Stored items

(* Let $\mathcal{X}$ and $\mathcal{Y}$ be mm-spaces. If $L^{\mathcal{U}}_h(\mathcal{X},\mathcal{Y})=0$, then $(h^r_{\mathcal{X}})_\#\mu_X=(h^r_{\mathcal{Y}})_\#\mu_Y$ (as Borel probability measures on $\mathbb{R}$) for Lebesgue-almost every $r>0$.
   Context: A metric measure space (mm-space) is a triple $(X,d_X,\mu_X)$ with $(X,d_X)$ compact metric and $\mu_X$ a Borel probability measure of full support. $h_{\mathcal{X}}(x,r)=\mu_X(\{x'\in X: d_X(x,x')\le r\})$ and, for fixed $r>0$, $h^r_{\mathcal{X}}:X\to\mathbb{R}$ is $h^r_{\mathcal{X}}(x)=h_{\mathcal{X}}(x,r)$. With $c_{\mathcal{X},\mathcal{Y}}(x,y)=\int_0^\infty|h_{\mathcal{X}}(x,t)-h_{\mathcal{Y}}(y,t)|\,dt$ and $\mathcal{U}(\mu_X,\mu_Y)$ the set of probability measures on $X\times Y$ with marginals $\mu_X,\mu_Y$, $L^{\mathcal{U}}_h(\mathcal{X},\mathcal{Y})=\inf_{\mu\in\mathcal{U}(\mu_X,\mu_Y)}\int_{X\times Y}c_{\mathcal{X},\mathcal{Y}}\,d\mu$. *)

theory Defs
  imports "HOL-Analysis.Analysis" "HOL-Probability.Probability"
begin

definition borel_of :: "'a topology \<Rightarrow> 'a measure" where
  "borel_of T = sigma (topspace T) {U. openin T U}"

definition mm_space :: "'a set \<Rightarrow> ('a \<Rightarrow> 'a \<Rightarrow> real) \<Rightarrow> 'a measure \<Rightarrow> bool" where
  "mm_space X d mu \<longleftrightarrow>
     Metric_space X d \<and>
     compact_space (Metric_space.mtopology X d) \<and>
     prob_space mu \<and>
     space mu = X \<and>
     sets mu = sets (borel_of (Metric_space.mtopology X d)) \<and>
     (\<forall>U. openin (Metric_space.mtopology X d) U \<and> U \<noteq> {} \<longrightarrow> measure mu U > 0)"

definition hfun :: "'a set \<Rightarrow> ('a \<Rightarrow> 'a \<Rightarrow> real) \<Rightarrow> 'a measure \<Rightarrow> 'a \<Rightarrow> real \<Rightarrow> real" where
  "hfun X d mu x r = measure mu {x' \<in> X. d x x' \<le> r}"

definition cost_h ::
  "'a set \<Rightarrow> ('a \<Rightarrow> 'a \<Rightarrow> real) \<Rightarrow> 'a measure \<Rightarrow>
   'b set \<Rightarrow> ('b \<Rightarrow> 'b \<Rightarrow> real) \<Rightarrow> 'b measure \<Rightarrow> 'a \<Rightarrow> 'b \<Rightarrow> ennreal" where
  "cost_h X dX muX Y dY muY x y =
     (\<integral>\<^sup>+ t. indicator {0..} t * ennreal \<bar>hfun X dX muX x t - hfun Y dY muY y t\<bar> \<partial>lborel)"

definition couplings :: "'a measure \<Rightarrow> 'b measure \<Rightarrow> ('a \<times> 'b) measure set" where
  "couplings muX muY = {p. prob_space p \<and> sets p = sets (muX \<Otimes>\<^sub>M muY) \<and>
      distr p muX fst = muX \<and> distr p muY snd = muY}"

definition L_U_h ::
  "'a set \<Rightarrow> ('a \<Rightarrow> 'a \<Rightarrow> real) \<Rightarrow> 'a measure \<Rightarrow>
   'b set \<Rightarrow> ('b \<Rightarrow> 'b \<Rightarrow> real) \<Rightarrow> 'b measure \<Rightarrow> ennreal" where
  "L_U_h X dX muX Y dY muY =
     (INF p \<in> couplings muX muY. \<integral>\<^sup>+ z. cost_h X dX muX Y dY muY (fst z) (snd z) \<partial>p)"

end

theory Submission
  imports Defs
begin

text \<open>For a coupling \<open>p\<close> and an \<open>L\<close>-Lipschitz \<open>f\<close>,
  \<open>\<bar>\<integral> f \<circ> h\<^sup>t\<^sub>X d\<mu>\<^sub>X - \<integral> f \<circ> h\<^sup>t\<^sub>Y d\<mu>\<^sub>Y\<bar> \<le> L \<integral> \<bar>h\<^sub>X(x,t) - h\<^sub>Y(y,t)\<bar> dp(x,y)\<close>.
  Integrating over \<open>t \<ge> 0\<close> (Tonelli), the left side has integral at most \<open>L\<close> times the cost of
  \<open>p\<close>, hence zero when \<open>L\<^sup>\<U>\<^sub>h = 0\<close>: for almost every \<open>t\<close>, the push-forwards of \<open>\<mu>\<^sub>X\<close> and \<open>\<mu>\<^sub>Y\<close>
  under \<open>h\<^sup>t\<close> give \<open>f\<close> the same integral. Countably many piecewise linear \<open>f\<close> approximating
  indicators of half-lines suffice to identify a distribution on \<open>\<real>\<close> by its distribution
  function.\<close>

lemma space_borel_of: "space (borel_of T) = topspace T"
  unfolding borel_of_def by (rule space_measure_of) (auto dest: openin_subset)

lemma sets_borel_of_openin: "openin T U \<Longrightarrow> U \<in> sets (borel_of T)"
  unfolding borel_of_def by (subst sets_measure_of) (auto dest: openin_subset)

lemma sets_borel_of_closedin: "closedin T U \<Longrightarrow> U \<in> sets (borel_of T)"
  using sets.compl_sets[OF sets_borel_of_openin, of T "topspace T - U"]
  by (simp add: closedin_def space_borel_of double_diff)

locale metric_borel_prob = Metric_space X d + prob_space mu
  for X :: "'a set" and d and mu :: "'a measure" +
  assumes space_eq: "space mu = X"
    and sets_eq: "sets mu = sets (borel_of mtopology)"
begin

lemma openin_sets: "openin mtopology U \<Longrightarrow> U \<in> sets mu"
  by (simp add: sets_eq sets_borel_of_openin)

lemma mcball_sets: "x \<in> X \<Longrightarrow> {x' \<in> X. d x x' \<le> r} \<in> sets mu"
  using sets_borel_of_closedin[OF closedin_mcball, of x r] by (simp add: sets_eq mcball_def)

lemma hfun_nonneg: "0 \<le> hfun X d mu x r"
  and hfun_le_1: "hfun X d mu x r \<le> 1"
  by (simp_all add: hfun_def)

lemma hfun_mono: "x \<in> X \<Longrightarrow> r \<le> s \<Longrightarrow> hfun X d mu x r \<le> hfun X d mu x s"
  unfolding hfun_def by (rule finite_measure_mono) (auto intro: mcball_sets)

lemma LIMSEQ_hfun_right:
  assumes "x \<in> X"
  shows "(\<lambda>n. hfun X d mu x (r + 1 / Suc n)) \<longlonglongrightarrow> hfun X d mu x r"
proof -
  define A where "A n = {x' \<in> X. d x x' \<le> r + 1 / Suc n}" for n
  have "range A \<subseteq> sets mu"
    using mcball_sets[OF assms] by (auto simp: A_def)
  moreover have "decseq A"
    by (rule decseq_SucI) (auto simp: A_def intro: order_trans[OF _ add_left_mono[OF frac_le]])
  ultimately have "(\<lambda>n. measure mu (A n)) \<longlonglongrightarrow> measure mu (\<Inter>n. A n)"
    by (rule finite_Lim_measure_decseq)
  moreover have "(\<Inter>n. A n) = {x' \<in> X. d x x' \<le> r}"
  proof (intro equalityI subsetI)
    fix y assume y: "y \<in> (\<Inter>n. A n)"
    have "d x y \<le> r"
    proof (rule field_le_epsilon)
      fix e :: real assume "e > 0"
      then obtain n where "1 / Suc n < e"
        using nat_approx_posE by blast
      moreover have "d x y \<le> r + 1 / Suc n"
        using y by (auto simp: A_def)
      ultimately show "d x y \<le> r + e" by linarith
    qed
    with y show "y \<in> {x' \<in> X. d x x' \<le> r}" by (auto simp: A_def)
  qed (auto simp: A_def intro: add_increasing2)
  ultimately show ?thesis by (simp add: hfun_def A_def)
qed

lemma hfun_less_right:
  assumes "x \<in> X" and "hfun X d mu x r < c"
  obtains e where "e > 0" and "hfun X d mu x (r + e) < c"
proof -
  obtain n where "hfun X d mu x (r + 1 / Suc n) < c"
    using order_tendstoD(2)[OF LIMSEQ_hfun_right[OF assms(1)] assms(2)]
    by (auto simp: eventually_sequentially)
  then show ?thesis using that[of "1 / Suc n"] by simp
qed

lemma openin_hfun_less: "openin mtopology {x \<in> X. hfun X d mu x r < c}"
proof -
  have "\<exists>e>0. mball x e \<subseteq> {x \<in> X. hfun X d mu x r < c}"
    if x: "x \<in> X" "hfun X d mu x r < c" for x
  proof -
    obtain e where e: "e > 0" "hfun X d mu x (r + e) < c"
      using hfun_less_right[OF x] by blast
    have "hfun X d mu y r < c" if y: "y \<in> mball x e" for y
    proof -
      have "{x' \<in> X. d y x' \<le> r} \<subseteq> {x' \<in> X. d x x' \<le> r + e}"
        using y triangle[of x y] by fastforce
      then have "hfun X d mu y r \<le> hfun X d mu x (r + e)"
        unfolding hfun_def using x by (intro finite_measure_mono mcball_sets)
      with e show ?thesis by linarith
    qed
    with e show ?thesis by auto
  qed
  then show ?thesis unfolding openin_mtopology by auto
qed

lemma borel_measurable_hfun: "(\<lambda>x. hfun X d mu x r) \<in> borel_measurable mu"
  unfolding borel_measurable_iff_less
  using openin_sets[OF openin_hfun_less] by (simp add: space_eq)

text \<open>Being nondecreasing and right continuous in the radius, \<open>hfun X d mu x t < c\<close> holds
  iff \<open>hfun X d mu x q < c\<close> for some rational \<open>q > t\<close>.\<close>
lemma borel_measurable_hfun_pair:
  "(\<lambda>z. hfun X d mu (fst z) (snd z)) \<in> borel_measurable (mu \<Otimes>\<^sub>M lborel)"
  unfolding borel_measurable_iff_less
proof
  fix c
  let ?S = "\<Union>q\<in>\<rat>. {x \<in> X. hfun X d mu x q < c} \<times> {..<q}"
  have "{z \<in> space (mu \<Otimes>\<^sub>M lborel). hfun X d mu (fst z) (snd z) < c} = ?S"
  proof (intro equalityI subsetI)
    fix z assume "z \<in> {z \<in> space (mu \<Otimes>\<^sub>M lborel). hfun X d mu (fst z) (snd z) < c}"
    then obtain x t where z: "z = (x, t)" "x \<in> X" "hfun X d mu x t < c"
      by (auto simp: space_pair_measure space_eq)
    then obtain e where e: "e > 0" "hfun X d mu x (t + e) < c"
      using hfun_less_right by blast
    then obtain q where q: "q \<in> \<rat>" "t < q" "q < t + e"
      using Rats_dense_in_real[of t "t + e"] by auto
    with e z have "hfun X d mu x q < c"
      using hfun_mono[of x q "t + e"] by linarith
    with q z show "z \<in> ?S" by auto
  next
    fix z assume "z \<in> ?S"
    then obtain q x t where z: "z = (x, t)" "x \<in> X" "hfun X d mu x q < c" "t < q"
      by auto
    then have "hfun X d mu x t < c"
      using hfun_mono[of x t q] by linarith
    with z show "z \<in> {z \<in> space (mu \<Otimes>\<^sub>M lborel). hfun X d mu (fst z) (snd z) < c}"
      by (simp add: space_pair_measure space_eq)
  qed
  moreover have "?S \<in> sets (mu \<Otimes>\<^sub>M lborel)"
  proof (rule sets.countable_UN''[OF countable_rat])
    fix q
    show "{x \<in> X. hfun X d mu x q < c} \<times> {..<q} \<in> sets (mu \<Otimes>\<^sub>M lborel)"
      using openin_sets[OF openin_hfun_less] by (intro pair_measureI) auto
  qed
  ultimately show "{z \<in> space (mu \<Otimes>\<^sub>M lborel). hfun X d mu (fst z) (snd z) < c}
      \<in> sets (mu \<Otimes>\<^sub>M lborel)" by simp
qed

lemma borel_measurable_integral_hfun:
  fixes f :: "real \<Rightarrow> real"
  assumes [measurable]: "f \<in> borel_measurable borel"
  shows "(\<lambda>t. \<integral>x. f (hfun X d mu x t) \<partial>mu) \<in> borel_measurable lborel"
proof (rule borel_measurable_lebesgue_integral[of "\<lambda>t x. f (hfun X d mu x t)"])
  have "(\<lambda>w. (snd w, fst w)) \<in> measurable (lborel \<Otimes>\<^sub>M mu) (mu \<Otimes>\<^sub>M lborel)"
    by (intro measurable_Pair measurable_snd measurable_fst)
  from measurable_compose[OF this borel_measurable_hfun_pair]
  show "(\<lambda>(t, x). f (hfun X d mu x t)) \<in> borel_measurable (lborel \<Otimes>\<^sub>M mu)"
    by (simp add: case_prod_beta')
qed

lemma integrable_lipschitz_hfun:
  fixes f :: "real \<Rightarrow> real"
  assumes "f \<in> borel_measurable borel" and "L-lipschitz_on {0..1} f"
  shows "integrable mu (\<lambda>x. f (hfun X d mu x t))"
proof (rule integrable_const_bound[where B="\<bar>f 0\<bar> + L"])
  have "\<bar>f u\<bar> \<le> \<bar>f 0\<bar> + L" if "u \<in> {0..1}" for u
  proof -
    have "\<bar>f u - f 0\<bar> \<le> L * u"
      using lipschitz_onD[OF assms(2) that, of 0] that by (simp add: dist_real_def)
    moreover have "L * u \<le> L"
      using that lipschitz_on_nonneg[OF assms(2)] by (simp add: mult_left_le)
    ultimately show ?thesis by linarith
  qed
  then show "AE x in mu. norm (f (hfun X d mu x t)) \<le> \<bar>f 0\<bar> + L"
    using hfun_nonneg hfun_le_1 by simp
qed (use assms(1) borel_measurable_hfun in measurable)

lemma real_distribution_hfun:
  "real_distribution (distr mu borel (\<lambda>x. hfun X d mu x r))"
  unfolding real_distribution_def real_distribution_axioms_def
  using prob_space_distr[OF borel_measurable_hfun] by simp

end

lemma mm_space_imp_metric_borel_prob: "mm_space X d mu \<Longrightarrow> metric_borel_prob X d mu"
  unfolding mm_space_def metric_borel_prob_def metric_borel_prob_axioms_def by blast

definition ramp :: "int \<Rightarrow> nat \<Rightarrow> real \<Rightarrow> real" where
  "ramp i n s = min 1 (max 0 (real_of_int i + 1 - real (Suc n) * s))"

lemma lipschitz_on_ramp: "(real (Suc n))-lipschitz_on A (ramp i n)"
proof (rule lipschitz_onI)
  fix u v :: real
  have "\<bar>(real_of_int i + 1 - real (Suc n) * u) - (real_of_int i + 1 - real (Suc n) * v)\<bar>
      = real (Suc n) * \<bar>u - v\<bar>"
    by (simp add: abs_mult right_diff_distrib[symmetric] abs_minus_commute)
  then show "dist (ramp i n u) (ramp i n v) \<le> real (Suc n) * dist u v"
    unfolding ramp_def dist_real_def by linarith
qed simp

lemma abs_ramp_le_1: "\<bar>ramp i n s\<bar> \<le> 1"
  unfolding ramp_def by auto

lemma borel_measurable_ramp[measurable]: "ramp i n \<in> borel_measurable borel"
  unfolding ramp_def[abs_def] by measurable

- **Task directions**
Look through the lines above and collect those with the word "dest".

- **Worked solution**
  unfolding borel_of_def by (rule space_measure_of) (auto dest: openin_subset)
  unfolding borel_of_def by (subst sets_measure_of) (auto dest: openin_subset)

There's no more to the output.